OT - Bay Area Real Estate Stories

And also in todays WSJ:

Home Prices Begin to Decline In Upscale Parts of San Francisco

interactive.wsj.com

- More significantly, however, about 20% of residential properties sold below their asking price this month, a trend virtually unheard of in the past few years. Most of those sold at 1% to 13% discounts. One property sold for 29% below its original asking price

- Loft properties in the South of Market area are among the hardest hit. Ray Kaliski, co-owner of Lofts Unlimited Inc., a residential brokerage firm that specializes in such properties, estimates that lofts are renting for about $2 to $3 a square foot, compared to $4 to $5 a square foot at its peak in the summer. Sale prices are rolling back to their levels of about two years ago -- when lofts in the area sold for $400 to $500 per square foot -- from the $500 to $600 per square foot highs of August, Mr. Kaliski says.

Also from yesterdays, SF Chronicle:

Home Sales Heading Down, But Prices Still Ascending
sfgate.com

- On a year-over-year basis, February prices posted double-digit gains in every one of the nine Bay Area counties surveyed.

- More telling: February sales were down 15.5 percent from February 2000 and marked a third consecutive year-over-year decline, following a 3.8 percent slump in January and a 13.1 percent drop in December.

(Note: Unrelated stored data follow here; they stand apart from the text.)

(* Let $K$ be a semifield. Let $P$ be a polygon with vertex set $V$ and a non-empty dissection $D$, and let $d=\{\zeta,\eta\}\in D$ be such that $D = \{d\}\cup D_2$ where $D_2$ is a dissection of the subpolygon $P_2$ with vertex set $V_2 = \{\varepsilon \in V : \eta \le \varepsilon \le \zeta\}$. If $f : \operatorname{diag}(P) \to K$ satisfies the $T$-path formula with respect to $D$, then $f|_{\operatorname{diag}(P_2)}$ satisfies the $T$-path formula with respect to $D_2$.
   Context: A semifield is a set $K$ with binary operations $+,\cdot$ such that $+$ is associative and commutative, $(K,\cdot)$ is a commutative group, and $\cdot$ distributes over $+$. A polygon is a finite set of at least three vertices with a cyclic order, pictured as a convex polygon in the plane with vertices anticlockwise. "$a\le\varepsilon\le b$" means $\varepsilon$ lies on the cyclic interval from $a$ to $b$ in the positive direction, endpoints included. A subpolygon is a subset of at least three vertices with induced cyclic order. A diagonal is a two-element subset of the vertex set (edges included); $\operatorname{diag}(Q)$ denotes the set of diagonals of $Q$; non-edges are internal. Diagonals cross if they consist of four distinct vertices $\alpha,\beta,\gamma,\delta$ appearing cyclically as $\alpha,\gamma,\beta,\delta$ or $\alpha,\delta,\beta,\gamma$. A dissection is a set of pairwise non-crossing internal diagonals. For a dissection $D$ of a polygon $Q$ and vertices $\pi_1\neq\pi_p$, a $T$-path from $\pi_1$ to $\pi_p$ is a tuple $(\pi_1,\dots,\pi_p)$ of vertices of $Q$ with: (i) $\{\pi_1,\pi_2\},\dots,\{\pi_{p-1},\pi_p\}$ pairwise different diagonals; (ii) no $\{\pi_i,\pi_{i+1}\}$ crosses a diagonal of $D$; (iii) each $\{\pi_{2j},\pi_{2j+1}\}$ lies in $D$, and these cross the segment $\{\pi_1,\pi_p\}$ at pairwise different points progressing monotonically from $\pi_1$ to $\pi_p$. $\mathcal{T}_{Q,D}(\alpha,\beta)$ is the set of these. With $f(\alpha,\beta):=f(\{\alpha,\beta\})$, $f(\pi) := \prod_{i\text{ odd}} f(\pi_i,\pi_{i+1}) / \prod_{j\text{ even}} f(\pi_j,\pi_{j+1})$. A map $f:\operatorname{diag}(Q)\to K$ satisfies the $T$-path formula with respect to $D$ if $f(\alpha,\beta) = \sum_{\pi\in\mathcal{T}_{Q,D}(\alpha,\beta)} f(\pi)$ for all vertices $\alpha\neq\beta$ of $Q$. *)

theory Defs
  imports Main
begin

class semifield = ab_semigroup_add + comm_monoid_mult + inverse +
  assumes sf_left_inverse: "inverse a * a = 1"
  and sf_distrib: "(a + b) * c = a * c + b * c"

text \<open>Sum over a finite nonempty set in an additive semigroup (no zero):
  sum_rel g A s means s is the sum of g over A.\<close>
inductive sum_rel :: "('b \<Rightarrow> 'k::ab_semigroup_add) \<Rightarrow> 'b set \<Rightarrow> 'k \<Rightarrow> bool"
  for g where
  single: "sum_rel g {x} (g x)"
| insert: "sum_rel g A s \<Longrightarrow> x \<notin> A \<Longrightarrow> sum_rel g (insert x A) (g x + s)"

text \<open>Vertices live in a linearly ordered type; the cyclic order is the one
  induced by the linear order (wrapping around).  cbetween a e b: e lies on the
  closed cyclic interval from a to b in the positive direction.\<close>
definition cbetween :: "'a::linorder \<Rightarrow> 'a \<Rightarrow> 'a \<Rightarrow> bool" where
  "cbetween a e b \<longleftrightarrow> (if a \<le> b then a \<le> e \<and> e \<le> b else a \<le> e \<or> e \<le> b)"

definition scbetween :: "'a::linorder \<Rightarrow> 'a \<Rightarrow> 'a \<Rightarrow> bool" where
  "scbetween a e b \<longleftrightarrow> cbetween a e b \<and> e \<noteq> a \<and> e \<noteq> b"

definition polygon :: "'a::linorder set \<Rightarrow> bool" where
  "polygon Q \<longleftrightarrow> finite Q \<and> card Q \<ge> 3"

definition diags :: "'a set \<Rightarrow> 'a set set" where
  "diags Q = {{a, b} | a b. a \<in> Q \<and> b \<in> Q \<and> a \<noteq> b}"

definition is_edge :: "'a::linorder set \<Rightarrow> 'a set \<Rightarrow> bool" where
  "is_edge Q d \<longleftrightarrow> (\<exists>a b. d = {a, b} \<and> a \<noteq> b \<and> (\<forall>x\<in>Q. \<not> scbetween a x b))"

definition internal :: "'a::linorder set \<Rightarrow> 'a set \<Rightarrow> bool" where
  "internal Q d \<longleftrightarrow> d \<in> diags Q \<and> \<not> is_edge Q d"

definition crosses :: "'a::linorder set \<Rightarrow> 'a set \<Rightarrow> bool" where
  "crosses d1 d2 \<longleftrightarrow> (\<exists>a b c e. d1 = {a, b} \<and> d2 = {c, e} \<and> distinct [a, b, c, e]
      \<and> cbetween a c b \<and> cbetween b e a)"

definition dissection :: "'a::linorder set \<Rightarrow> 'a set set \<Rightarrow> bool" where
  "dissection Q D \<longleftrightarrow> D \<subseteq> {d. internal Q d} \<and> (\<forall>d1\<in>D. \<forall>d2\<in>D. \<not> crosses d1 d2)"

text \<open>cross_before a b d1 d2: d1 and d2 both (are assumed to) cross the segment {a,b},
  and d1 crosses it at a point strictly closer to a than d2 does.  For non-crossing
  diagonals this means: d1 = {x1,y1} with x1 on the side (a,b), y1 on the side (b,a),
  and d2 lies (weakly) on the side of d1 containing b, d2 \<noteq> d1.\<close>
definition cross_before :: "'a::linorder \<Rightarrow> 'a \<Rightarrow> 'a set \<Rightarrow> 'a set \<Rightarrow> bool" where
  "cross_before a b d1 d2 \<longleftrightarrow> d1 \<noteq> d2 \<and>
     (\<exists>x1 y1. d1 = {x1, y1} \<and> scbetween a x1 b \<and> scbetween b y1 a
        \<and> (\<forall>z\<in>d2. cbetween x1 z y1))"

text \<open>T-paths as lists pi = [pi_1, ..., pi_p]; list index k (0-based) of a step
  corresponds to step i = k+1, so the even steps i = 2j are the odd k.\<close>
definition step :: "'a list \<Rightarrow> nat \<Rightarrow> 'a set" where
  "step p k = {p ! k, p ! (k + 1)}"

definition is_tpath :: "'a::linorder set \<Rightarrow> 'a set set \<Rightarrow> 'a \<Rightarrow> 'a \<Rightarrow> 'a list \<Rightarrow> bool" where
  "is_tpath Q D \<alpha> \<beta> p \<longleftrightarrow>
     length p \<ge> 2 \<and> hd p = \<alpha> \<and> last p = \<beta> \<and> \<alpha> \<noteq> \<beta> \<and> set p \<subseteq> Q \<and>
     (\<forall>k < length p - 1. p ! k \<noteq> p ! (k + 1)) \<and>
     distinct (map (step p) [0..<length p - 1]) \<and>
     (\<forall>k < length p - 1. \<forall>d\<in>D. \<not> crosses (step p k) d) \<and>
     (\<forall>k < length p - 1. odd k \<longrightarrow> step p k \<in> D \<and> crosses (step p k) {\<alpha>, \<beta>}) \<and>
     (\<forall>k1 k2. k1 < k2 \<and> k2 < length p - 1 \<and> odd k1 \<and> odd k2 \<longrightarrow>
        cross_before \<alpha> \<beta> (step p k1) (step p k2))"

definition tpaths :: "'a::linorder set \<Rightarrow> 'a set set \<Rightarrow> 'a \<Rightarrow> 'a \<Rightarrow> 'a list set" where
  "tpaths Q D \<alpha> \<beta> = {p. is_tpath Q D \<alpha> \<beta> p}"

definition tweight :: "('a set \<Rightarrow> 'k::semifield) \<Rightarrow> 'a list \<Rightarrow> 'k" where
  "tweight f p = (\<Prod>k\<in>{k. k < length p - 1 \<and> even k}. f (step p k))
      * inverse (\<Prod>k\<in>{k. k < length p - 1 \<and> odd k}. f (step p k))"

definition tpath_formula :: "'a::linorder set \<Rightarrow> 'a set set \<Rightarrow> ('a set \<Rightarrow> 'k::semifield) \<Rightarrow> bool" where
  "tpath_formula Q D f \<longleftrightarrow>
     (\<forall>\<alpha>\<in>Q. \<forall>\<beta>\<in>Q. \<alpha> \<noteq> \<beta> \<longrightarrow> sum_rel (tweight f) (tpaths Q D \<alpha> \<beta>) (f {\<alpha>, \<beta>}))"

end

theory Submission
  imports Defs
begin

text \<open>No chord with both endpoints on the closed arc from \<open>\<eta>\<close> to \<open>\<zeta>\<close> crosses \<open>{\<zeta>, \<eta>}\<close>.
  Hence, for \<open>\<alpha>, \<beta>\<close> on that arc, the only diagonals of \<open>D\<close> that can cross \<open>{\<alpha>, \<beta>}\<close> lie
  in \<open>D\<^sub>2\<close>, so every \<open>T\<close>-path from \<open>\<alpha>\<close> to \<open>\<beta>\<close> for \<open>(P, D)\<close> uses only vertices of \<open>P\<^sub>2\<close>,
  and conversely the steps of a \<open>T\<close>-path in \<open>P\<^sub>2\<close> never cross \<open>{\<zeta>, \<eta>}\<close>.  The two sets of
  \<open>T\<close>-paths therefore coincide, and so do the two \<open>T\<close>-path formulas.\<close>

lemma cbetween_rotate:
  assumes "distinct [a, b, c, e]" "cbetween a c b" "cbetween b e a"
  shows "cbetween c b e" "cbetween e a c"
  using assms unfolding cbetween_def by (auto split: if_splits)

lemma crosses_commute: "crosses d1 d2 \<longleftrightarrow> crosses d2 d1"
proof -
  have "crosses d2 d1" if cr: "crosses d1 d2" for d1 d2 :: "'a set"
  proof -
    obtain a b c e where d: "d1 = {a, b}" "d2 = {c, e}"
      and abce: "distinct [a, b, c, e]" "cbetween a c b" "cbetween b e a"
      using cr unfolding crosses_def by blast
    have "d1 = {b, a}" "distinct [c, e, b, a]"
      using d abce by (auto simp: insert_commute)
    moreover have "cbetween c b e" "cbetween e a c"
      using cbetween_rotate abce by blast+
    ultimately show ?thesis
      unfolding crosses_def using d by blast
  qed
  then show ?thesis by blast
qed

lemma not_crosses_arc_chord:
  assumes "cbetween \<eta> x \<zeta>" "cbetween \<eta> y \<zeta>"
  shows "\<not> crosses {x, y} {\<zeta>, \<eta>}"
  using assms unfolding crosses_def
  by (auto simp: cbetween_def doubleton_eq_iff split: if_splits)
lemma dissection_diag_subset: "dissection Q D \<Longrightarrow> d \<in> D \<Longrightarrow> d \<subseteq> Q"
  unfolding dissection_def internal_def diags_def by blast

lemma tpath_vertex_cases:
  assumes "is_tpath Q D \<alpha> \<beta> p" "x \<in> set p"
  shows "x = \<alpha> \<or> x = \<beta> \<or> (\<exists>k < length p - 1. odd k \<and> x \<in> step p k)"
proof -
  obtain j where j: "j < length p" "p ! j = x"
    using assms(2) by (auto simp: in_set_conv_nth)
  have p: "length p \<ge> 2" "hd p = \<alpha>" "last p = \<beta>"
    using assms(1) unfolding is_tpath_def by auto
  consider "j = 0" | "j = length p - 1" | "0 < j" "j < length p - 1" "odd j"
    | "0 < j" "j < length p - 1" "even j"
    using j(1) by linarith
  then show ?thesis
  proof cases
    case 1
    then show ?thesis using j p by (simp add: hd_conv_nth)
  next
    case 2
    then show ?thesis using j p by (metis last_conv_nth list.size(3) not_less0)
  next
    case 3
    then show ?thesis using j by (auto simp: step_def)
  next
    case 4
    then have "odd (j - 1)" "j - 1 < length p - 1" "x \<in> step p (j - 1)"
      using j by (auto simp: step_def)
    then show ?thesis by blast
  qed
qed

lemma is_tpath_subpolygon_iff:
  assumes "Q2 \<subseteq> Q" "D2 \<subseteq> D" and D2_in_Q2: "\<And>d. d \<in> D2 \<Longrightarrow> d \<subseteq> Q2"
    and no_cross: "\<And>d x y. d \<in> D - D2 \<Longrightarrow> x \<in> Q2 \<Longrightarrow> y \<in> Q2 \<Longrightarrow> \<not> crosses {x, y} d"
    and ends: "\<alpha> \<in> Q2" "\<beta> \<in> Q2"
  shows "is_tpath Q D \<alpha> \<beta> p \<longleftrightarrow> is_tpath Q2 D2 \<alpha> \<beta> p"
proof
  assume tp: "is_tpath Q D \<alpha> \<beta> p"
  have odd_steps: "step p k \<in> D2" if "k < length p - 1" "odd k" for k
  proof -
    have "step p k \<in> D" "crosses {\<alpha>, \<beta>} (step p k)"
      using tp that crosses_commute unfolding is_tpath_def by blast+
    then show ?thesis using no_cross ends by blast
  qed
  have "set p \<subseteq> Q2"
  proof
    fix x assume "x \<in> set p"
    from tpath_vertex_cases[OF tp this] show "x \<in> Q2"
      using odd_steps D2_in_Q2 ends by (auto simp: step_def)
  qed
  moreover have "\<forall>k < length p - 1. \<forall>d\<in>D2. \<not> crosses (step p k) d"
    using tp \<open>D2 \<subseteq> D\<close> unfolding is_tpath_def by blast
  moreover have "\<forall>k < length p - 1. odd k \<longrightarrow> step p k \<in> D2 \<and> crosses (step p k) {\<alpha>, \<beta>}"
    using tp odd_steps unfolding is_tpath_def by blast
  ultimately show "is_tpath Q2 D2 \<alpha> \<beta> p"
    using tp unfolding is_tpath_def by (elim conjE, intro conjI) assumption+
next
  assume tp: "is_tpath Q2 D2 \<alpha> \<beta> p"
  then have "set p \<subseteq> Q2"
    unfolding is_tpath_def by blast
  have "\<not> crosses (step p k) d" if "k < length p - 1" "d \<in> D - D2" for k d
  proof -
    have "p ! k \<in> Q2" "p ! (k + 1) \<in> Q2"
      using \<open>set p \<subseteq> Q2\<close> that(1) by auto
    then show ?thesis
      using no_cross that(2) unfolding step_def by blast
  qed
  then have "\<forall>k < length p - 1. \<forall>d\<in>D. \<not> crosses (step p k) d"
    using tp unfolding is_tpath_def by blast
  moreover have "\<forall>k < length p - 1. odd k \<longrightarrow> step p k \<in> D \<and> crosses (step p k) {\<alpha>, \<beta>}"
    using tp \<open>D2 \<subseteq> D\<close> unfolding is_tpath_def by blast
  moreover have "set p \<subseteq> Q"
    using \<open>set p \<subseteq> Q2\<close> \<open>Q2 \<subseteq> Q\<close> by blast
  ultimately show "is_tpath Q D \<alpha> \<beta> p"
    using tp unfolding is_tpath_def by (elim conjE, intro conjI) assumption+
qed

theorem lemma3p5:
  fixes V :: "'a::linorder set" and D D2 :: "'a set set" and f :: "'a set \<Rightarrow> 'k::semifield"
    and \<zeta> \<eta> :: 'a
  assumes "polygon V"
    and "dissection V D"
    and "D \<noteq> {}"
    and "{\<zeta>, \<eta>} \<in> D"
    and "D = {{\<zeta>, \<eta>}} \<union> D2"
    and "polygon {\<epsilon> \<in> V. cbetween \<eta> \<epsilon> \<zeta>}"
    and "dissection {\<epsilon> \<in> V. cbetween \<eta> \<epsilon> \<zeta>} D2"
    and "tpath_formula V D f"
  shows "tpath_formula {\<epsilon> \<in> V. cbetween \<eta> \<epsilon> \<zeta>} D2 f"
proof -
  let ?V2 = "{\<epsilon> \<in> V. cbetween \<eta> \<epsilon> \<zeta>}"
  have same_tpaths: "tpaths V D \<alpha> \<beta> = tpaths ?V2 D2 \<alpha> \<beta>" if "\<alpha> \<in> ?V2" "\<beta> \<in> ?V2" for \<alpha> \<beta>
    unfolding tpaths_def
  proof (intro Collect_cong is_tpath_subpolygon_iff)
    show "\<And>d. d \<in> D2 \<Longrightarrow> d \<subseteq> ?V2"
      using assms(7) by (rule dissection_diag_subset)
    show "\<And>d x y. d \<in> D - D2 \<Longrightarrow> x \<in> ?V2 \<Longrightarrow> y \<in> ?V2 \<Longrightarrow> \<not> crosses {x, y} d"
      using assms(5) not_crosses_arc_chord by blast
  qed (use that assms(5) in auto)
  show ?thesis
    using assms(8) unfolding tpath_formula_def by (simp add: same_tpaths[symmetric])
qed

end
lemma poly_mapping_additive_eq_0:
  fixes A :: "('a \<Rightarrow>\<^sub>0 'b::comm_monoid_add) \<Rightarrow> 'c::ab_group_add"
  assumes add: "\<And>f g. A (f + g) = A f + A g"
    and single: "\<And>k c. A (Poly_Mapping.single k c) = 0"
  shows "A f = 0"
proof -
  have A_sum: "A (sum g S) = (\<Sum>s\<in>S. A (g s))" for g :: "'d \<Rightarrow> 'a \<Rightarrow>\<^sub>0 'b" and S
    using add[of 0 0] by (induction S rule: infinite_finite_induct) (simp_all add: add)
  show ?thesis
    by (subst poly_mapping_sum_single) (simp add: A_sum single)
qed

abbreviation unit_idx :: "'n \<Rightarrow> 'n \<Rightarrow>\<^sub>0 nat" where
  "unit_idx p \<equiv> Poly_Mapping.single p 1"

definition vmon :: "'n \<Rightarrow> ('n \<Rightarrow>\<^sub>0 nat) \<Rightarrow> 'k \<Rightarrow> ('n, 'k::comm_ring_1) vfield" where
  "vmon p k c = (\<lambda>r. if r = p then Poly_Mapping.single k c else 0)"

lemma vfield_additive_eq_0:
  fixes V :: "('n::finite, 'k::comm_ring_1) vfield \<Rightarrow> 'c::ab_group_add"
  assumes add: "\<And>\<eta> \<xi>. V (\<lambda>r. \<eta> r + \<xi> r) = V \<eta> + V \<xi>"
    and vmon: "\<And>p k c. V (vmon p k c) = 0"
  shows "V \<eta> = 0"
proof -
  have V_sum: "V (\<lambda>r. sum (\<lambda>s. g s r) S) = (\<Sum>s\<in>S. V (g s))" for g :: "'d \<Rightarrow> ('n, 'k) vfield" and S
    using add[of "\<lambda>_. 0" "\<lambda>_. 0"] by (induction S rule: infinite_finite_induct) (simp_all add: add)
  have component: "V (\<lambda>r. if r = p then f else 0) = 0" for p f
  proof (rule poly_mapping_additive_eq_0[where A = "\<lambda>f. V (\<lambda>r. if r = p then f else 0)"])
    show "V (\<lambda>r. if r = p then f + g else 0) = V (\<lambda>r. if r = p then f else 0) + V (\<lambda>r. if r = p then g else 0)" for f g
      using add[of "\<lambda>r. if r = p then f else 0" "\<lambda>r. if r = p then g else 0"]
      by (simp add: if_distrib[of "\<lambda>x. x + _"] cong: if_cong)
    show "V (\<lambda>r. if r = p then Poly_Mapping.single k c else 0) = 0" for k c
      using vmon[of p k c] by (simp add: vmon_def)
  qed
  have "V \<eta> = V (\<lambda>r. \<Sum>p\<in>UNIV. if r = p then \<eta> p else 0)"
    by simp
  also have "\<dots> = 0"
    using V_sum[of "\<lambda>p r. if r = p then \<eta> p else 0" UNIV] by (simp add: component)
  finally show ?thesis .
qed

lemma pd_superset:
  assumes "finite S" "Poly_Mapping.keys f \<subseteq> S"
  shows "pd i f = (\<Sum>e\<in>S. Poly_Mapping.single (e - unit_idx i) (of_nat (Poly_Mapping.lookup e i) * Poly_Mapping.lookup f e))"
  unfolding pd_def by (rule sum.mono_neutral_left[OF assms]) (auto simp: in_keys_iff)

lemma pd_add: "pd i (f + g) = pd i f + pd i g"
  by (subst (1 2 3) pd_superset[of "Poly_Mapping.keys f \<union> Poly_Mapping.keys g"])
    (auto simp: keys_add lookup_add distrib_left single_add sum.distrib)

lemma pd_zero [simp]: "pd i 0 = 0"
  by (simp add: pd_def)

lemma pd_single: "pd i (Poly_Mapping.single l c) = Poly_Mapping.single (l - unit_idx i) (of_nat (Poly_Mapping.lookup l i) * c)"
  by (cases "c = 0") (simp_all add: pd_def)

lemma lookup_smult_mp: "Poly_Mapping.lookup (smult_mp c f) k = c * Poly_Mapping.lookup f k"
  by (simp add: smult_mp_def flip: mult_map_scale_conv_mult) (simp add: map.rep_eq when_def)

lemma act_add_left: "act (\<lambda>r. \<eta> r + \<xi> r) f = act \<eta> f + act \<xi> f"
  by (simp add: act_def distrib_right sum.distrib)

lemma act_add_right: "act \<eta> (f + g) = act \<eta> f + act \<eta> g"
  by (simp add: act_def pd_add distrib_left sum.distrib)

lemma act_vmon_single: "act (vmon p k c) (Poly_Mapping.single l d)
    = Poly_Mapping.single (k + (l - unit_idx p)) (c * (of_nat (Poly_Mapping.lookup l p) * d))"
  by (simp add: act_def vmon_def pd_single mult_single if_distrib[of "\<lambda>x. x * _"] cong: if_cong)

lemma lie_add_left: "lie (\<lambda>r. \<eta> r + \<xi> r) \<zeta> = (\<lambda>r. lie \<eta> \<zeta> r + lie \<xi> \<zeta> r)"
  and lie_add_right: "lie \<zeta> (\<lambda>r. \<eta> r + \<xi> r) = (\<lambda>r. lie \<zeta> \<eta> r + lie \<zeta> \<xi> r)"
  by (simp_all add: lie_def act_add_left act_add_right fun_eq_iff algebra_simps)

lemma lie_vmon: "lie (vmon p k c) (vmon q l d) = (\<lambda>r.
     vmon q (k + (l - unit_idx p)) (c * (of_nat (Poly_Mapping.lookup l p) * d)) r
   + vmon p (l + (k - unit_idx q)) (- (d * (of_nat (Poly_Mapping.lookup k q) * c))) r)"
  by (rule ext) (simp add: lie_def act_def vmon_def pd_single mult_single single_uminus
      if_distrib[of "\<lambda>x. x * _"] cong: if_cong)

- Economists say that slowing sales usually presage lower prices. That's because most homeowners are reluctant to sell a house for less than they paid or for less than their neighbor got for a comparable house. When the market slows, many homeowners -- unless they are forced to move -- will refuse to lower their price for many months and might not sell at all. As a result, sales usually slow before prices fall. That could be what's happening now.